Rathaus will Supermarkt auf Webersportplatz
22.06.2010 | 17:40 Uhr 2010-06-22T17:40:00+0200
Unna.Die geplante Bebauung des Sportplatzes an der Weberstraße soll nach Willen der Bauverwaltung mit einem Supermarkt erfolgen. Das teilten Stadtplaner Michael Ott und Technischer Beigeordneter Ralf Kampmann mit. Der Standort des Nettomarktes an der Massener Straße sei mit Nachteilen behaftet, so Ott. „Wir wollen in dem Bereich Strukturen stärken“, sagte Michael Ott. Ob auf der Fläche im östlichen Bereich sich ein Netto, Aldi oder Lidl ansiedeln kann, hängt davon ab, wer bei der erforderlichen Ausschreibung der Fläche das Rennen macht.
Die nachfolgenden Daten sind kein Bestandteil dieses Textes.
(* Let $G$ be a graph with maximum degree $d\ge1$ and let $E$ be a finite subset of the edges of $G$. Then there is an ordering $e_1,e_2,\dots,e_{|E|}$ of the elements of $E$ such that the number of disconnected edges in this ordering is at least $\lfloor |E|/(2d)\rfloor$, where an edge $e_j$ is called disconnected if it shares no vertex with any of the edges $e_1,\dots,e_{j-1}$. *)

theory Defs
  imports Main
begin

definition simple_graph :: "('a \<Rightarrow> 'a \<Rightarrow> bool) \<Rightarrow> bool" where
  "simple_graph Adj \<longleftrightarrow> (\<forall>u v. Adj u v \<longrightarrow> Adj v u) \<and> (\<forall>v. \<not> Adj v v)"

definition graph_edges :: "('a \<Rightarrow> 'a \<Rightarrow> bool) \<Rightarrow> 'a set set" where
  "graph_edges Adj = {{u, v} | u v. Adj u v}"

definition vdegree :: "('a \<Rightarrow> 'a \<Rightarrow> bool) \<Rightarrow> 'a \<Rightarrow> nat" where
  "vdegree Adj v = card {u. Adj v u}"

definition max_degree :: "('a \<Rightarrow> 'a \<Rightarrow> bool) \<Rightarrow> nat \<Rightarrow> bool" where
  "max_degree Adj d \<longleftrightarrow>
     (\<forall>v. finite {u. Adj v u} \<and> vdegree Adj v \<le> d) \<and> (\<exists>v. vdegree Adj v = d)"

text \<open>In an ordering es = [e_1, ..., e_n] (0-indexed), position j is disconnected if
e_j shares no vertex with any earlier edge.\<close>
definition disconnected_at :: "'a set list \<Rightarrow> nat \<Rightarrow> bool" where
  "disconnected_at es j \<longleftrightarrow> (\<forall>i<j. es ! j \<inter> es ! i = {})"

definition num_disconnected :: "'a set list \<Rightarrow> nat" where
  "num_disconnected es = card {j. j < length es \<and> disconnected_at es j}"

end

theory Submission
  imports Defs
begin

text \<open>An edge meets at most \<open>2d\<close> edges (itself included), since every edge meeting it
contains one of its two endpoints. Greedily picking an edge and discarding everything it meets
therefore yields a matching \<open>M \<subseteq> E\<close> with \<open>|E| \<le> 2d |M|\<close>. Listing the edges of \<open>M\<close> first,
each of them is disconnected from its predecessors.\<close>

lemma card_edges_meeting_le:
  assumes "simple_graph Adj"
    and finite_nbrs: "\<And>v. finite {u. Adj v u}"
    and degree_le: "\<And>v. vdegree Adj v \<le> d"
    and "E \<subseteq> graph_edges Adj" "e \<in> E"
  shows "card {f \<in> E. f \<inter> e \<noteq> {}} \<le> 2 * d"
proof -
  obtain u v where e: "e = {u, v}" using assms(4,5) unfolding graph_edges_def by blast
  let ?star = "\<lambda>x. (\<lambda>w. {x, w}) ` {w. Adj x w}"
  have sym: "Adj a b \<Longrightarrow> Adj b a" for a b
    using assms(1) unfolding simple_graph_def by blast
  have "{f \<in> E. f \<inter> e \<noteq> {}} \<subseteq> ?star u \<union> ?star v"
  proof
    fix f assume "f \<in> {f \<in> E. f \<inter> e \<noteq> {}}"
    then obtain a b where f: "f = {a, b}" "Adj a b" and "{a, b} \<inter> {u, v} \<noteq> {}"
      using assms(4) unfolding graph_edges_def e by blast
    then consider "a = u \<or> a = v" | "b = u \<or> b = v" by blast
    then show "f \<in> ?star u \<union> ?star v"
      by cases (use f sym[OF f(2)] in \<open>auto simp: insert_commute\<close>)
  qed
  then have "card {f \<in> E. f \<inter> e \<noteq> {}} \<le> card (?star u \<union> ?star v)"
    by (intro card_mono) (simp_all add: finite_nbrs)
  also have "\<dots> \<le> card {w. Adj u w} + card {w. Adj v w}"
    by (intro card_Un_le[THEN order_trans] add_mono card_image_le finite_nbrs)
  also have "\<dots> \<le> 2 * d"
    using degree_le[of u] degree_le[of v] unfolding vdegree_def by simp
  finally show ?thesis .
qed

lemma greedy_pairwise_disjnt_subfamily:
  fixes E :: "'a set set"
  assumes "finite E" "{} \<notin> E"
    and "\<And>e. e \<in> E \<Longrightarrow> card {f \<in> E. f \<inter> e \<noteq> {}} \<le> k"
  shows "\<exists>M \<subseteq> E. pairwise disjnt M \<and> card E \<le> k * card M"
  using assms
proof (induction "card E" arbitrary: E rule: less_induct)
  case less
  show ?case
  proof (cases "E = {}")
    case False
    then obtain e where "e \<in> E" by auto
    define N where "N = {f \<in> E. f \<inter> e \<noteq> {}}"
    have "e \<in> N" "N \<subseteq> E" using \<open>e \<in> E\<close> \<open>{} \<notin> E\<close> unfolding N_def by auto
    then have "card (E - N) < card E"
      using less.prems(1) by (intro psubset_card_mono) auto
    moreover have "card {f \<in> E - N. f \<inter> e' \<noteq> {}} \<le> k" if "e' \<in> E - N" for e'
    proof -
      have "card {f \<in> E - N. f \<inter> e' \<noteq> {}} \<le> card {f \<in> E. f \<inter> e' \<noteq> {}}"
        using less.prems(1) by (intro card_mono) auto
      then show ?thesis using less.prems(3)[of e'] that by simp
    qed
    ultimately obtain M where M: "M \<subseteq> E - N" "pairwise disjnt M" "card (E - N) \<le> k * card M"
      using less.hyps[of "E - N"] less.prems(1,2) by auto
    have "M \<subseteq> E" "e \<notin> M" "finite M"
      using M(1) \<open>e \<in> N\<close> less.prems(1) finite_subset by auto
    have "pairwise disjnt (insert e M)"
      using M(1,2) unfolding N_def by (auto simp: pairwise_insert disjnt_def)
    moreover have "card E \<le> k * card (insert e M)"
    proof -
      have "card E = card N + card (E - N)"
        using \<open>N \<subseteq> E\<close> less.prems(1) card_Diff_subset[of N E] card_mono[of E N]
        by (simp add: finite_subset)
      also have "\<dots> \<le> k + k * card M"
        using less.prems(3)[OF \<open>e \<in> E\<close>] M(3) unfolding N_def by simp
      finally show ?thesis using \<open>e \<notin> M\<close> \<open>finite M\<close> by simp
    qed
    ultimately show ?thesis using \<open>M \<subseteq> E\<close> \<open>e \<in> E\<close> by blast
  qed simp
qed

lemma length_le_num_disconnected_append:
  assumes "distinct ms" "pairwise disjnt (set ms)"
  shows "length ms \<le> num_disconnected (ms @ rs)"
proof -
  have "disconnected_at (ms @ rs) j" if "j < length ms" for j
    unfolding disconnected_at_def
  proof (intro allI impI)
    fix i assume "i < j"
    then have "ms ! i \<noteq> ms ! j"
      using that assms(1) by (simp add: nth_eq_iff_index_eq)
    then show "(ms @ rs) ! j \<inter> (ms @ rs) ! i = {}"
      using that \<open>i < j\<close> assms(2)
      by (simp add: nth_append pairwise_def disjnt_def Int_commute)
  qed
  then have "{..<length ms} \<subseteq> {j. j < length (ms @ rs) \<and> disconnected_at (ms @ rs) j}"
    by auto
  then have "card {..<length ms} \<le> num_disconnected (ms @ rs)"
    unfolding num_disconnected_def by (intro card_mono) auto
  then show ?thesis by simp
qed

theorem lemma6p11:
  fixes Adj :: "'a \<Rightarrow> 'a \<Rightarrow> bool" and d :: nat and E :: "'a set set"
  assumes "simple_graph Adj"
    and "max_degree Adj d"
    and "d \<ge> 1"
    and "E \<subseteq> graph_edges Adj"
    and "finite E"
  shows "\<exists>es. distinct es \<and> set es = E \<and> num_disconnected es \<ge> card E div (2 * d)"
proof -
  have "{} \<notin> E" using assms(4) unfolding graph_edges_def by auto
  moreover have "card {f \<in> E. f \<inter> e \<noteq> {}} \<le> 2 * d" if "e \<in> E" for e
    using assms(1,2,4) that by (intro card_edges_meeting_le) (auto simp: max_degree_def)
  ultimately obtain M where M: "M \<subseteq> E" "pairwise disjnt M" "card E \<le> 2 * d * card M"
    using greedy_pairwise_disjnt_subfamily[OF assms(5)] by blast
  obtain ms where ms: "distinct ms" "set ms = M"
    using finite_distinct_list[of M] M(1) assms(5) finite_subset by blast
  obtain rs where rs: "distinct rs" "set rs = E - M"
    using finite_distinct_list[of "E - M"] assms(5) by blast
  have "card E div (2 * d) \<le> card M"
    using div_le_mono[OF M(3), of "2 * d"] assms(3) by simp
  also have "\<dots> \<le> num_disconnected (ms @ rs)"
    using length_le_num_disconnected_append[OF ms(1)] ms M(2) distinct_card[OF ms(1)] by simp
  finally show ?thesis
    using ms rs M(1) by (intro exI[of _ "ms @ rs"]) auto
qed

end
Strittig ist in der Politik allerdings, ob überhaupt Einzelhandel angesiedelt werden soll. „Wir diskutieren über die Pläne, aber grundsätzlich haben wir nichts gegen eine Ansiedlung von Einzelhandel an der Stelle”, so CDU-Fraktionschef Klaus Göldner. Eine Variante wäre der Umzug des Netto-Marktes vom eher schlechten Standort Massener Straße an die Weberstraße.
Areal ist 25 000
Qudaratmeter groß
SPD-Fraktionschef Michael Hoffmann sieht Einzelhandel an der Weberstraße kritisch: „Wenn ein Dritter die Fläche bekommt, ist der Netto-Markt in Gefahr. Dann droht dem Viertel um das Evangelische Krankenhaus die Nahversorgung wegzubrechen.“ Denn auch dort lebten viele Menschen, die auf einen Markt angewiesen seien, so Michael Hoffmann.
Auf dem insgesamt 25 000 Quadratmeter großen Areal soll Wohnraum für alle Generationen geschaffen werden. Im hinteren Teil, in Nachbarschaft zum Bonifatiusheim, soll eine dreigeschossige Wohnbebauung entstehen. „Vielleicht bevorzugt von älteren Menschen, die keinen Garten mehr pflegen wollen oder können”, so Kampmann.
Davor bliebe Platz für eine aufgelockerte Bebauung mit Ein- und Zweifamilienhäusern. Der Spiel- am Boniheim bleibt ebenso wie der Parkplatz am Ring erhalten. Vom Verkehrsring aus soll das Gebiet erschlossen werden.
Mit dem Erlös des Sportplatzes soll ein neues Zentralstadion am Südfriedhof gebaut werden. Aus ihm soll der Löwenanteil der Mittel kommen. Den Rest hat Kämmerer Karl-Gustav Mölle noch auf der hohen Kante.
Abgespeckte Version eines Sportplatzes
Wie berichtet soll in dem Bereich eine abgespeckte Version eines Stadions entstehen. In einem ersten Bauabschnitt werden der Sportplatz, ein Vereinsheim und Parkplätze gebaut. Und auch der Sportplatz am Hertinger Tor soll versilbert werden. Dafür liegen aber noch keine Pläne vor. Das gesamte Areal mit dem benachbarten, leerstehenden Horenkampgelände steht zur Überplanung an.